Referring still to FIG. 2C, below ball sub 59 there is positioned a
first chemical module 71. First chemical module 71 includes a
longitudinal chamber 73 which is sealed at its ends by dual
diaphragm seal assemblies 75 and 77. Dual diaphragm seal assembly
75 includes an upper ruptureable membrane 79 and a lower
ruptureable membrane 81, which are separated by a dead air space
83. The dual diaphragm seal serves to muffle the effect of
propellant 29, which results in a smoother flow of chemical cutting
agent.
Chamber 73 contains a quantity of cutting fluid of the type
described above. The ignition of propellant 49 causes dual
diaphragm seal 75 to rupture and forces the fluid within chamber 73
to rupture dual diaphragm seal 77. The cutting fluid is then forced
through a longitudinal passage 85 and a reducer sub 87. Reducer sub
87 is threadedly connected at one end to first chemical module 71
and at its other end to a second, reduced diameter, chemical module
89. As shown in FIGS. 2D-2F, second 89 includes a longitudinal
chamber 91 that is sealed at its ends by dual diaphragm seals 93
and 95. Chamber 91 of second chemical module 89 contains a quantity
of cutting fluid similar to that contained in chamber 73 of first
chemical module 71.
Referring particularly to FIGS. 2D-2F, a centralizer assembly,
designated generally by the numeral 97 is positioned about second
chemical module 89. Rotating centralizer assembly 97 includes a
ratchet collar 99 that is axially and rotatably mounted on second
chemical module 89. The lower end of ratchet collar 99 includes a
plurality of serated ratchet teeth 101. Ratchet collar 99 is urge
downwardly with respect to second chemical module 89 by a spring
103 compressed between ratchet collar 99 and a retainer ring 105
connected to second chemical module 89.
Rotating centralizer assembly 97 also includes an axially splined
sleeve assembly 107. Axially splined sleeve assembly 107 includes a
first sleeve 109 slidingly mounted on second chemical module 89 and
a second sleeve 111 fixedly connected to second chemical module 89
by a set screw or the like 113. First sleeve 109 and second sleeve
111 are connected together by axially extending splines, including,
respectively, splines 115 and 117. Splines 115 and 117 engage each
other and permit first and second sleeves 109 and 111 to move
axially but not rotationally with respect to each other. Since
second sleeve 111 is fixedly connected to second chemical module 89
by set screw 113, first sleeve 109 is permitted to move axially but
not rotationally with respect to second chemical module 89.

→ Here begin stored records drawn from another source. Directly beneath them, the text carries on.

lemma (in prob_space) integral_comp_finite_index:
  assumes idx: "idx \<in> M \<rightarrow>\<^sub>M count_space UNIV" and bound: "\<And>y. y \<in> space M \<Longrightarrow> idx y < N"
  obtains p where "\<And>i. 0 \<le> p i" "(\<Sum>i<N. p i) = 1"
    "\<And>f :: nat \<Rightarrow> real. (\<integral>y. f (idx y) \<partial>M) = (\<Sum>i<N. p i * f i)"
proof -
  define p where "p i = prob (idx -` {i} \<inter> space M)" for i
  have "(\<integral>y. f (idx y) \<partial>M) = (\<Sum>i<N. p i * f i)" for f :: "nat \<Rightarrow> real"
  proof -
    have "(\<integral>y. f (idx y) \<partial>M) = (\<integral>y. (\<Sum>i<N. indicator (idx -` {i}) y * f i) \<partial>M)"
    proof (rule Bochner_Integration.integral_cong)
      fix y assume "y \<in> space M"
      then have "(\<Sum>i<N. indicator (idx -` {i}) y * f i) = (\<Sum>i<N. if i = idx y then f i else 0)"
        by (intro sum.cong) auto
      then show "f (idx y) = (\<Sum>i<N. indicator (idx -` {i}) y * f i)"
        using bound[OF \<open>y \<in> space M\<close>] by simp
    qed simp
    also have "\<dots> = (\<Sum>i<N. p i * f i)"
    proof -
      have "idx -` {i} \<inter> space M \<in> events" for i
        using measurable_sets[OF idx, of "{i}"] by simp
      then have "integrable M (indicat_real (idx -` {i}))" for i
        by (simp add: integrable_indicator_iff emeasure_eq_measure)
      then show ?thesis
        unfolding p_def by (subst Bochner_Integration.integral_sum) auto
    qed
    finally show ?thesis .
  qed
  moreover from this[of "\<lambda>_. 1"] have "(\<Sum>i<N. p i) = 1"
    by (simp add: prob_space)
  ultimately show ?thesis
    using that[of p] by (simp add: p_def)
qed

lemma (in prob_space) abs_integral_diff_le_off_set:
  fixes f g :: "'a \<Rightarrow> real"
  assumes "f \<in> borel_measurable M" "g \<in> borel_measurable M"
    and f_bound: "\<And>y. \<bar>f y\<bar> \<le> B" and g_bound: "\<And>y. \<bar>g y\<bar> \<le> B"
    and "K \<in> events" "0 \<le> a" and close: "\<And>y. y \<in> K \<Longrightarrow> \<bar>f y - g y\<bar> \<le> a"
  shows "\<bar>(\<integral>y. f y \<partial>M) - (\<integral>y. g y \<partial>M)\<bar> \<le> a + 2 * B * prob (space M - K)"
proof -
  have integrable: "integrable M f" "integrable M g"
    using assms(1,2) f_bound g_bound by (auto intro: integrable_const_bound[where B = B])
  have ind: "integrable M (indicat_real (space M - K))"
    using \<open>K \<in> events\<close> by (simp add: integrable_indicator_iff emeasure_eq_measure)
  have "\<bar>(\<integral>y. f y \<partial>M) - (\<integral>y. g y \<partial>M)\<bar> \<le> (\<integral>y. \<bar>f y - g y\<bar> \<partial>M)"
    using integrable by (simp flip: Bochner_Integration.integral_diff)
  also have "\<dots> \<le> (\<integral>y. a + 2 * B * indicator (space M - K) y \<partial>M)"
  proof (rule integral_mono)
    show "\<bar>f y - g y\<bar> \<le> a + 2 * B * indicator (space M - K) y" if "y \<in> space M" for y
      using close f_bound[of y] g_bound[of y] that \<open>0 \<le> a\<close> by (cases "y \<in> K") auto
  qed (use integrable ind in auto)
  also have "\<dots> = a + 2 * B * prob (space M - K)"
    using ind by (simp add: prob_space Int_absorb2)
  finally show ?thesis .
qed

lemma regular_prob_kernel_discretization:
  fixes h :: "'b \<Rightarrow> 'a::metric_space \<Rightarrow> real"
  assumes prob: "prob_space M" and reg: "regular_borel_measure M"
    and bound: "\<And>x y. \<bar>h x y\<bar> \<le> B"
    and equicont: "\<And>e. e > 0 \<Longrightarrow> \<exists>\<delta>>0. \<forall>x y y'. dist y y' < \<delta> \<longrightarrow> \<bar>h x y - h x y'\<bar> < e"
    and "e > 0"
  obtains p :: "nat \<Rightarrow> real" and N :: nat and c :: "nat \<Rightarrow> 'a" where "\<And>i. 0 \<le> p i" "(\<Sum>i<N. p i) = 1"
    "\<And>x. \<bar>(\<integral>y. h x y \<partial>M) - (\<Sum>i<N. p i * h x (c i))\<bar> \<le> e"
proof -
  interpret prob_space M by fact
  have space: "space M = UNIV" and sets: "sets M = sets borel"
    using reg by (simp_all add: space_regular_borel_measure sets_regular_borel_measure)
  have "0 \<le> B"
    using bound[of undefined undefined] by linarith
  obtain \<delta> where "\<delta> > 0" and \<delta>: "\<And>x y y'. dist y y' < \<delta> \<Longrightarrow> \<bar>h x y - h x y'\<bar> < e / 2"
    using equicont[of "e / 2"] \<open>e > 0\<close> by auto
  have "e / (4 * (B + 1)) > 0"
    using \<open>e > 0\<close> \<open>0 \<le> B\<close> by simp
  then obtain K where "compact K" and K_small: "prob (- K) < e / (4 * (B + 1))"
    by (rule regular_borel_prob_tight[OF reg prob])
  then have "K \<in> events"
    using sets by (simp add: compact_imp_closed)
  obtain idx and n :: nat and c where idx_borel: "idx \<in> borel \<rightarrow>\<^sub>M count_space UNIV" and idx_le: "\<And>y. idx y \<le> n"
    and idx_close: "\<And>y. y \<in> K \<Longrightarrow> idx y < n \<and> dist y (c (idx y)) < \<delta>"
    using compact_ball_selector[OF \<open>compact K\<close> \<open>\<delta> > 0\<close>] by metis
  have idx_meas: "idx \<in> M \<rightarrow>\<^sub>M count_space UNIV"
    using idx_borel measurable_cong_sets[OF sets refl] by blast
  obtain p where "\<And>i. 0 \<le> p i" "(\<Sum>i<Suc n. p i) = 1"
    and integral_idx: "\<And>f :: nat \<Rightarrow> real. (\<integral>y. f (idx y) \<partial>M) = (\<Sum>i<Suc n. p i * f i)"
    using integral_comp_finite_index[OF idx_meas, of "Suc n"] idx_le by (metis less_Suc_eq_le)
  moreover have "\<bar>(\<integral>y. h x y \<partial>M) - (\<Sum>i<Suc n. p i * h x (c i))\<bar> \<le> e" for x
  proof -
    have "continuous_on UNIV (h x)"
      unfolding continuous_on_iff dist_real_def using equicont by (metis dist_commute)
    then have "h x \<in> borel_measurable M"
      using borel_measurable_continuous_onI measurable_cong_sets[OF sets refl] by blast
    moreover have "(\<lambda>y. h x (c (idx y))) \<in> borel_measurable M"
      using measurable_compose[OF idx_meas, of "\<lambda>i. h x (c i)" borel] by simp
    moreover have "\<bar>h x y - h x (c (idx y))\<bar> \<le> e / 2" if "y \<in> K" for y
      using \<delta>[of y "c (idx y)" x] idx_close[OF that] by (auto intro: less_imp_le)
    ultimately have "\<bar>(\<integral>y. h x y \<partial>M) - (\<integral>y. h x (c (idx y)) \<partial>M)\<bar> \<le> e / 2 + 2 * B * prob (- K)"
      using abs_integral_diff_le_off_set[of "h x" "\<lambda>y. h x (c (idx y))" B K "e / 2"] bound
        \<open>K \<in> events\<close> \<open>e > 0\<close> by (simp add: space Compl_eq_Diff_UNIV)
    also have "\<dots> \<le> e / 2 + 2 * B * (e / (4 * (B + 1)))"
      using K_small \<open>0 \<le> B\<close> by (intro add_left_mono mult_left_mono) auto
    also have "\<dots> \<le> e"
      using \<open>e > 0\<close> \<open>0 \<le> B\<close> by (simp add: field_simps)
    finally show ?thesis
      by (simp only: integral_idx[of "\<lambda>i. h x (c i)"])
  qed
  ultimately show ?thesis
    using that by blast
qed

The upper end of first sleeve 109 includes a plurality of serated
ratchet teeth 119, which are configured to mesh with ratchet teeth
101 of ratchet collar 99. A spring 121 is disposed between
shoulders formed on sleeves 109 and 111 to urge first sleeve 109
axially toward ratchet collar 99, thereby urging ratchet teeth 119
into engagement with ratchet teeth 101. It can be seen that ratchet
teeth 101 and 119 permit first sleeve 109 to rotate toward the
right but not toward the left with respect to ratchet collar
99.
Rotating centralizer assembly 97 also includes a helically splined
sleeve assembly 123, which includes a first sleeve 125 and a second
sleeve 127. First and second sleeves 125 and 127 of helically
splined sleeve assembly 123 are axially and rotatably mounted on
second chemical module 89. The upper end of first sleeve 125
includes a plurality of ratchet teeth 129 that have opposite pitch
compared to ratchet teeth 101 and 119. Ratchet teeth 129 of second
sleeve 127 are configured to mesh with a plurality of ratchet teeth
131 formed on the lower end of second sleeve 111 of axially splined
sleeve assembly 107. A spring 133 is compressed between shoulders
formed in first and second sleeves 125 and 127 of helically splined
sleeve assembly 123 to urge ratchet teeth 129 into engagement with
ratchet teeth 131. Ratchet 129 and 131 permit first sleeve 125 of
helically splined sleeve assembly 123 to rotate toward the left but
not toward the right with respect to second sleeve 111 of axially
splined sleeve assembly 107.
First and second sleeves 125 and 127 are connected together by a
plurality of helical splines, including, respectively, splines 135
and 137. Splines 135 and 137 engage each other such that axial
movement of first and second sleeves 125 and 127 with respect to
each other produces a rotary motion. Thus, when first sleeve 125 is
moved toward second sleeve 127, splines 135 and 137 cooperate to
rotate first sleeve 125 toward the right. Conversely, when first
sleeve 125 is moved axially away from second sleeve 127, splines
135 and 137 cooperate to rotate first sleeve 125 toward the
left.
Second sleeve 127 of helically splined sleeve assembly 123 is
connected to ratchet collar 99 by a plurality of bow springs 139.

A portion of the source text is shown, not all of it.